▶ [Given records]
lemma nf_coproduct_apply_eq_sum:
  assumes nf: "nf_coproduct G \<Delta>"
    and f: "f \<in> grp_alg G" and x: "x \<in> carrier G" and y: "y \<in> carrier G"
  shows "\<Delta> f (x, y) = (\<Sum>c\<in>carrier G. \<Delta> (grp_unit G) (\<one>, c) * (f (x \<otimes> inv c \<otimes> y) :: 'k::field))"
proof -
  have "\<Delta> f (x, y) = (\<Sum>z\<in>carrier G. f z * \<Delta> (grp_unit G) (inv z \<otimes> x, y))"
    by (rule nf_coproduct_apply_unit_left[OF assms])
  also have "\<dots> = (\<Sum>z\<in>carrier G. f z * \<Delta> (grp_unit G) (\<one>, y \<otimes> (inv z \<otimes> x)))"
    using x y by (intro sum.cong refl) (subst nf_coproduct_unit_apply[OF nf], auto)
  also have "\<dots> = (\<Sum>c\<in>carrier G. \<Delta> (grp_unit G) (\<one>, c) * f (x \<otimes> inv c \<otimes> y))"
    by (rule sum.reindex_bij_witness[where i = "\<lambda>c. x \<otimes> inv c \<otimes> y" and j = "\<lambda>z. y \<otimes> (inv z \<otimes> x)"])
      (use x y in \<open>auto simp: m_assoc inv_mult_group inv_mult_cancel_left mult_inv_cancel_left\<close>)
  finally show ?thesis .
qed

text \<open>On basis elements, \<open>basic_coproduct c g = (\<Sum>h\<in>G. g h\<inverse> \<otimes> c h)\<close>.\<close>
definition basic_coproduct :: "'a \<Rightarrow> ('a \<Rightarrow> 'k::field) \<Rightarrow> ('a \<times> 'a \<Rightarrow> 'k)" where
  "basic_coproduct c f = (if f \<in> grp_alg G
     then (\<lambda>(x, y). if x \<in> carrier G \<and> y \<in> carrier G then f (x \<otimes> inv c \<otimes> y) else 0)
     else 0)"

lemma basic_coproduct_apply:
  "f \<in> grp_alg G \<Longrightarrow> x \<in> carrier G \<Longrightarrow> y \<in> carrier G \<Longrightarrow>
    basic_coproduct c f (x, y) = f (x \<otimes> inv c \<otimes> y)"
  by (simp add: basic_coproduct_def)

lemma basic_coproduct_outside:
  "\<not> (f \<in> grp_alg G \<and> x \<in> carrier G \<and> y \<in> carrier G) \<Longrightarrow> basic_coproduct c f (x, y) = 0"
  by (auto simp: basic_coproduct_def)

lemma basic_coproduct_grp_conv_left:
  assumes "c \<in> carrier G" "b \<in> grp_alg G"
  shows "basic_coproduct c (grp_conv G a b) =
    grp_conv (G \<times>\<times> G) (tens a (grp_unit G)) (basic_coproduct c b)"
proof (rule ext, clarify)
  fix x y
  show "basic_coproduct c (grp_conv G a b) (x, y) =
      grp_conv (G \<times>\<times> G) (tens a (grp_unit G)) (basic_coproduct c b) (x, y)"
  proof (cases "x \<in> carrier G \<and> y \<in> carrier G")
    case True
    then show ?thesis
      using assms by (simp add: basic_coproduct_apply grp_conv_in_grp_alg grp_conv_tens_unit_right)
        (simp add: grp_conv_def m_assoc)
  qed (auto simp: basic_coproduct_def grp_conv_in_grp_alg grp_conv_def)
qed

lemma basic_coproduct_grp_conv_right:
  assumes "c \<in> carrier G" "a \<in> grp_alg G"
  shows "basic_coproduct c (grp_conv G a b) =
    grp_conv (G \<times>\<times> G) (basic_coproduct c a) (tens (grp_unit G) b)"
proof (rule ext, clarify)
  fix x y
  show "basic_coproduct c (grp_conv G a b) (x, y) =
      grp_conv (G \<times>\<times> G) (basic_coproduct c a) (tens (grp_unit G) b) (x, y)"
  proof (cases "x \<in> carrier G \<and> y \<in> carrier G")
    case True
    then show ?thesis
      using assms
      by (simp add: basic_coproduct_apply grp_conv_in_grp_alg grp_conv_tens_unit_left
          sum_convolution_shift) (simp add: grp_conv_def m_assoc)
  qed (auto simp: basic_coproduct_def grp_conv_in_grp_alg grp_conv_def)
qed

lemma nf_coproduct_basic_coproduct:
  assumes "c \<in> carrier G"
  shows "nf_coproduct G (basic_coproduct c :: ('a \<Rightarrow> 'k::field) \<Rightarrow> _)"
  unfolding nf_coproduct_def
proof (intro conjI ballI allI impI)
  show "basic_coproduct c (grp_conv G a b) =
      grp_conv (G \<times>\<times> G) (tens a (grp_unit G)) (basic_coproduct c b)"
    "basic_coproduct c (grp_conv G a b) =
      grp_conv (G \<times>\<times> G) (basic_coproduct c a) (tens (grp_unit G) b)"
    if "a \<in> grp_alg G" "b \<in> grp_alg G" for a b :: "'a \<Rightarrow> 'k"
    using that assms basic_coproduct_grp_conv_left basic_coproduct_grp_conv_right by blast+
qed (auto simp: basic_coproduct_def grp_alg_def fun_eq_iff)

lemma nf_coproduct_eq_sum_basic_coproduct:
  assumes nf: "nf_coproduct G \<Delta>"
  shows "\<Delta> = (\<Sum>c\<in>carrier G. (\<lambda>f p. (\<Delta> (grp_unit G) (\<one>, c) :: 'k::field) * basic_coproduct c f p))"
proof (intro ext)
  fix f :: "'a \<Rightarrow> 'k" and p :: "'a \<times> 'a"
  obtain x y where p: "p = (x, y)"
    by (cases p)
  have "\<Delta> f (x, y) = (\<Sum>c\<in>carrier G. \<Delta> (grp_unit G) (\<one>, c) * basic_coproduct c f (x, y))"
  proof (cases "f \<in> grp_alg G \<and> x \<in> carrier G \<and> y \<in> carrier G")
    case True
    then show ?thesis
      using nf by (simp add: nf_coproduct_apply_eq_sum basic_coproduct_apply)
  next
    case outside: False
    have "\<Delta> f (x, y) = 0"
    proof (cases "f \<in> grp_alg G")
      case True
      then have "\<Delta> f \<in> grp_alg (G \<times>\<times> G)"
        using nf unfolding nf_coproduct_def by blast
      with True outside show ?thesis
        by (simp add: grp_alg_def)
    next
      case False
      then show ?thesis
        using nf unfolding nf_coproduct_def by simp
    qed
    with outside show ?thesis
      by (simp add: basic_coproduct_outside)
  qed
  then show "\<Delta> f p = (\<Sum>c\<in>carrier G. (\<lambda>f p. \<Delta> (grp_unit G) (\<one>, c) * basic_coproduct c f p)) f p"
    by (simp add: p sum_fun_apply)
qed

lemma basic_coproduct_unit_apply:
  assumes "c \<in> carrier G" "c' \<in> carrier G"
  shows "basic_coproduct c (grp_unit G) (\<one>, c') = (if c = c' then 1 else 0 :: 'k::field)"
  using assms
  by (subst basic_coproduct_apply[OF grp_unit_in_grp_alg]) (auto simp: grp_unit_def inv_mult_eq_one_iff)

lemma inj_on_basic_coproduct: "inj_on (basic_coproduct :: 'a \<Rightarrow> ('a \<Rightarrow> 'k::field) \<Rightarrow> _) (carrier G)"
proof (rule inj_onI)
  fix c c' assume c: "c \<in> carrier G" and c': "c' \<in> carrier G"
    and eq: "(basic_coproduct c :: ('a \<Rightarrow> 'k) \<Rightarrow> _) = basic_coproduct c'"
  have "(basic_coproduct c :: ('a \<Rightarrow> 'k) \<Rightarrow> _) (grp_unit G) (\<one>, c) = basic_coproduct c' (grp_unit G) (\<one>, c)"
    by (simp add: eq)
  then show "c = c'"
    using c c' by (simp add: basic_coproduct_unit_apply split: if_splits)
qed
theorem theorem3:
  fixes M :: "'a measure"
    and nF nM :: nat and C :: real
    and A :: "nat \<Rightarrow> nat \<Rightarrow> real" and \<beta> :: "nat \<Rightarrow> real"
    and Ahat :: "nat \<Rightarrow> 'a \<Rightarrow> nat \<Rightarrow> nat \<Rightarrow> real"
    and bhat :: "nat \<Rightarrow> 'a \<Rightarrow> nat \<Rightarrow> real"
    and \<kappa> :: "nat \<Rightarrow> real"
  assumes "prob_space M"
    and "nF \<ge> 1" and "nM \<ge> 1"
    and "\<forall>i<nF. \<forall>j<nM. 0 \<le> A i j \<and> A i j \<le> 1"
    and "\<forall>i<nF. 0 \<le> \<beta> i \<and> \<beta> i \<le> 1"
    and "C > 0"
    and "feas nF nM C A \<beta> \<noteq> {}"
    and "bigOp M (\<lambda>n \<omega>. matnorm nF nM (\<lambda>i j. Ahat n \<omega> i j - A i j)) (\<lambda>n. 1 / sqrt (real n))"
    and "bigOp M (\<lambda>n \<omega>. supnorm nF (\<lambda>i. bhat n \<omega> i - \<beta> i)) (\<lambda>n. 1 / sqrt (real n))"
    and "full_col_rank nF nM A"
    and "\<forall>n. \<kappa> n > 0"
    and "\<exists>B. \<forall>n. \<kappa> n \<le> B"
  shows "bigOp M (\<lambda>n \<omega>. thetahat_min nF nM C (Ahat n \<omega>) (bhat n \<omega>) (\<kappa> n / sqrt (real n))
                         - theta_min nF nM C A \<beta>) (\<lambda>n. 1 / sqrt (real n))
       \<and> bigOp M (\<lambda>n \<omega>. thetahat_max nF nM C (Ahat n \<omega>) (bhat n \<omega>) (\<kappa> n / sqrt (real n))
                         - theta_max nF nM C A \<beta>) (\<lambda>n. 1 / sqrt (real n))"
proof -
  let ?r = "\<lambda>n. 1 / sqrt (real n)"
  let ?a = "\<lambda>n \<omega>. matnorm nF nM (\<lambda>i j. Ahat n \<omega> i j - A i j)"
  let ?b = "\<lambda>n \<omega>. supnorm nF (\<lambda>i. bhat n \<omega> i - \<beta> i)"
  have A: "\<forall>i<nF. \<forall>j<nM. \<bar>A i j\<bar> \<le> 1"
    using assms(4) by auto
  obtain K where K: "0 \<le> K" and lipschitz: "\<And>Ah bh t. 0 < t \<Longrightarrow>
      \<bar>thetahat_min nF nM C Ah bh t - theta_min nF nM C A \<beta>\<bar>
        \<le> K * (matnorm nF nM (\<lambda>i j. Ah i j - A i j) + supnorm nF (\<lambda>i. bh i - \<beta> i) + t) \<and>
      \<bar>thetahat_max nF nM C Ah bh t - theta_max nF nM C A \<beta>\<bar>
        \<le> K * (matnorm nF nM (\<lambda>i j. Ah i j - A i j) + supnorm nF (\<lambda>i. bh i - \<beta> i) + t)"
    using thetahat_theta_lipschitz[OF assms(2,3) less_imp_le[OF assms(6)] A assms(7,10)] by blast
  obtain B where B: "\<forall>n. \<kappa> n \<le> B"
    using assms(12) by blast
  have bound: "\<bar>thetahat_min nF nM C (Ahat n \<omega>) (bhat n \<omega>) (\<kappa> n / sqrt (real n)) - theta_min nF nM C A \<beta>\<bar>
        \<le> K * (\<bar>?a n \<omega>\<bar> + \<bar>?b n \<omega>\<bar> + \<bar>B\<bar> * ?r n) \<and>
      \<bar>thetahat_max nF nM C (Ahat n \<omega>) (bhat n \<omega>) (\<kappa> n / sqrt (real n)) - theta_max nF nM C A \<beta>\<bar>
        \<le> K * (\<bar>?a n \<omega>\<bar> + \<bar>?b n \<omega>\<bar> + \<bar>B\<bar> * ?r n)" if "1 \<le> n" for n \<omega>
  proof -
    have t: "0 < \<kappa> n / sqrt (real n)" and "\<kappa> n / sqrt (real n) \<le> \<bar>B\<bar> * ?r n"
      using assms(11) B that by (simp_all add: divide_right_mono order_trans[OF _ abs_ge_self])
    then have "K * (?a n \<omega> + ?b n \<omega> + \<kappa> n / sqrt (real n)) \<le> K * (\<bar>?a n \<omega>\<bar> + \<bar>?b n \<omega>\<bar> + \<bar>B\<bar> * ?r n)"
      using K by (intro mult_left_mono add_mono abs_ge_self)
    then show ?thesis
      using lipschitz[where Ah = "Ahat n \<omega>" and bh = "bhat n \<omega>", OF t] by (meson order_trans)
  qed
  have r: "\<forall>n. 0 \<le> ?r n"
    by simp
  show ?thesis
    by (intro conjI; rule bigOp_dominated[OF assms(1,8,9) r, where N = 1]; use bound in blast)
qed
lemma autocorr_quadratic_form_le:
  assumes "\<And>i. \<bar>w i\<bar> \<le> 1"
  shows "(\<Sum>i=1..n. \<Sum>j=1..n. w i * w j * autocorr (max i j - min i j))
    \<le> 2 * real n * (\<Sum>d=0..n. \<bar>autocorr d\<bar>)"
proof -
  have "w i * w j * r \<le> \<bar>r\<bar>" for i j and r :: real
  proof -
    have "w i * w j * r \<le> \<bar>w i * w j\<bar> * \<bar>r\<bar>"
      by (metis abs_ge_self abs_mult)
    also have "\<dots> \<le> \<bar>r\<bar>"
      using assms[of i] assms[of j]
      by (intro mult_left_le_one_le) (simp_all add: abs_mult mult_le_one)
    finally show ?thesis .
  qed
  then have "(\<Sum>i=1..n. \<Sum>j=1..n. w i * w j * autocorr (max i j - min i j))
      \<le> (\<Sum>i=1..n. \<Sum>j=1..n. \<bar>autocorr (max i j - min i j)\<bar>)"
    by (intro sum_mono)
  also have "\<dots> \<le> 2 * real n * (\<Sum>d=0..n. \<bar>autocorr d\<bar>)"
    by (rule sum_sum_dist_le) simp
  finally show ?thesis .
qed

lemma sum_set_corr_sq_le:
  "(\<Sum>i=1..n. (set_corr Y i)\<^sup>2) \<le> sqrt (2 * real n * (\<Sum>d=0..n. \<bar>autocorr d\<bar>))"
proof (rule le_sqrt_if_le_amgm)
  show "0 \<le> 2 * real n * (\<Sum>d=0..n. \<bar>autocorr d\<bar>)"
    by (simp add: sum_nonneg)
  fix t :: real assume "0 < t"
  define h where "h x = (\<Sum>i=1..n. set_corr Y i * bal (x + i))" for x
  define Q where
    "Q = (\<Sum>i=1..n. \<Sum>j=1..n. set_corr Y i * set_corr Y j * autocorr (max i j - min i j))"
  have "(\<lambda>x. indicator Y x * h x)
      = (\<lambda>x. \<Sum>i=1..n. set_corr Y i * (indicator Y x * bal (x + i)))"
    by (simp add: h_def sum_distrib_left mult_ac)
  then have Yh: "has_mean (\<lambda>x. indicator Y x * h x) (\<Sum>i=1..n. (set_corr Y i)\<^sup>2)"
    unfolding power2_eq_square
    by (simp only:) (intro has_mean_sum has_mean_cmult has_mean_set_corr, simp)
  have "has_mean (\<lambda>x. (h x)\<^sup>2) Q"
    using has_mean_bal_combination_sq[where n = n and w = "set_corr Y"] unfolding h_def Q_def .
  from has_mean_add[OF has_mean_const has_mean_cmult[OF this, of "1 / (2 * t)"], of "t / 2"]
  have amgm: "has_mean (\<lambda>x. t / 2 + (h x)\<^sup>2 / (2 * t)) (t / 2 + Q / (2 * t))"
    by simp
  \<comment> \<open>the pointwise AM-GM bound takes the place of Cauchy--Schwarz for the mean\<close>
  have "(\<Sum>i=1..n. (set_corr Y i)\<^sup>2) \<le> t / 2 + Q / (2 * t)"
    using \<open>0 < t\<close> by (intro has_mean_mono[OF Yh amgm] mult_le_amgm) simp_all
  moreover have "Q / (2 * t) \<le> 2 * real n * (\<Sum>d=0..n. \<bar>autocorr d\<bar>) / (2 * t)"
    unfolding Q_def using \<open>0 < t\<close>
    by (intro divide_right_mono autocorr_quadratic_form_le set_corr_abs_le) simp
  ultimately show "(\<Sum>i=1..n. (set_corr Y i)\<^sup>2)
      \<le> t / 2 + 2 * real n * (\<Sum>d=0..n. \<bar>autocorr d\<bar>) / (2 * t)"
    by linarith
qed

lemma set_corr_cesaro: "(\<lambda>n. (\<Sum>i=1..n. (set_corr Y i)\<^sup>2) / real n) \<longlonglongrightarrow> 0"
proof (rule tendsto_sandwich[of "\<lambda>n. 0" _ _
    "\<lambda>n. sqrt (2 * ((\<Sum>d=0..n. \<bar>autocorr d\<bar>) / real n))"])
  show "\<forall>\<^sub>F n in sequentially. 0 \<le> (\<Sum>i=1..n. (set_corr Y i)\<^sup>2) / real n"
    by (simp add: sum_nonneg)
  have "(\<Sum>i=1..n. (set_corr Y i)\<^sup>2) / real n \<le> sqrt (2 * ((\<Sum>d=0..n. \<bar>autocorr d\<bar>) / real n))"
    if "0 < n" for n
  proof -
    have "real n * sqrt (2 * ((\<Sum>d=0..n. \<bar>autocorr d\<bar>) / real n))
        = sqrt ((real n)\<^sup>2 * (2 * ((\<Sum>d=0..n. \<bar>autocorr d\<bar>) / real n)))"
      by (subst real_sqrt_mult) simp
    also have "\<dots> = sqrt (2 * real n * (\<Sum>d=0..n. \<bar>autocorr d\<bar>))"
      using that by (simp add: power2_eq_square)
    finally have "sqrt (2 * real n * (\<Sum>d=0..n. \<bar>autocorr d\<bar>))
        = real n * sqrt (2 * ((\<Sum>d=0..n. \<bar>autocorr d\<bar>) / real n))" ..
    with sum_set_corr_sq_le[of Y n] that show ?thesis
      by (simp add: divide_le_eq mult.commute)
  qed
  then show "\<forall>\<^sub>F n in sequentially. (\<Sum>i=1..n. (set_corr Y i)\<^sup>2) / real n
      \<le> sqrt (2 * ((\<Sum>d=0..n. \<bar>autocorr d\<bar>) / real n))"
    by (intro eventually_sequentiallyI[of 1]) simp
  show "(\<lambda>n. sqrt (2 * ((\<Sum>d=0..n. \<bar>autocorr d\<bar>) / real n))) \<longlonglongrightarrow> 0"
    using tendsto_real_sqrt[OF tendsto_mult_left[OF autocorr_cesaro, of 2]] by simp
qed simp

▶ [What to work on] How many lines in the entries above hold the string "forall"? Answer with the number and nothing more.

▶ [Result for this task] 9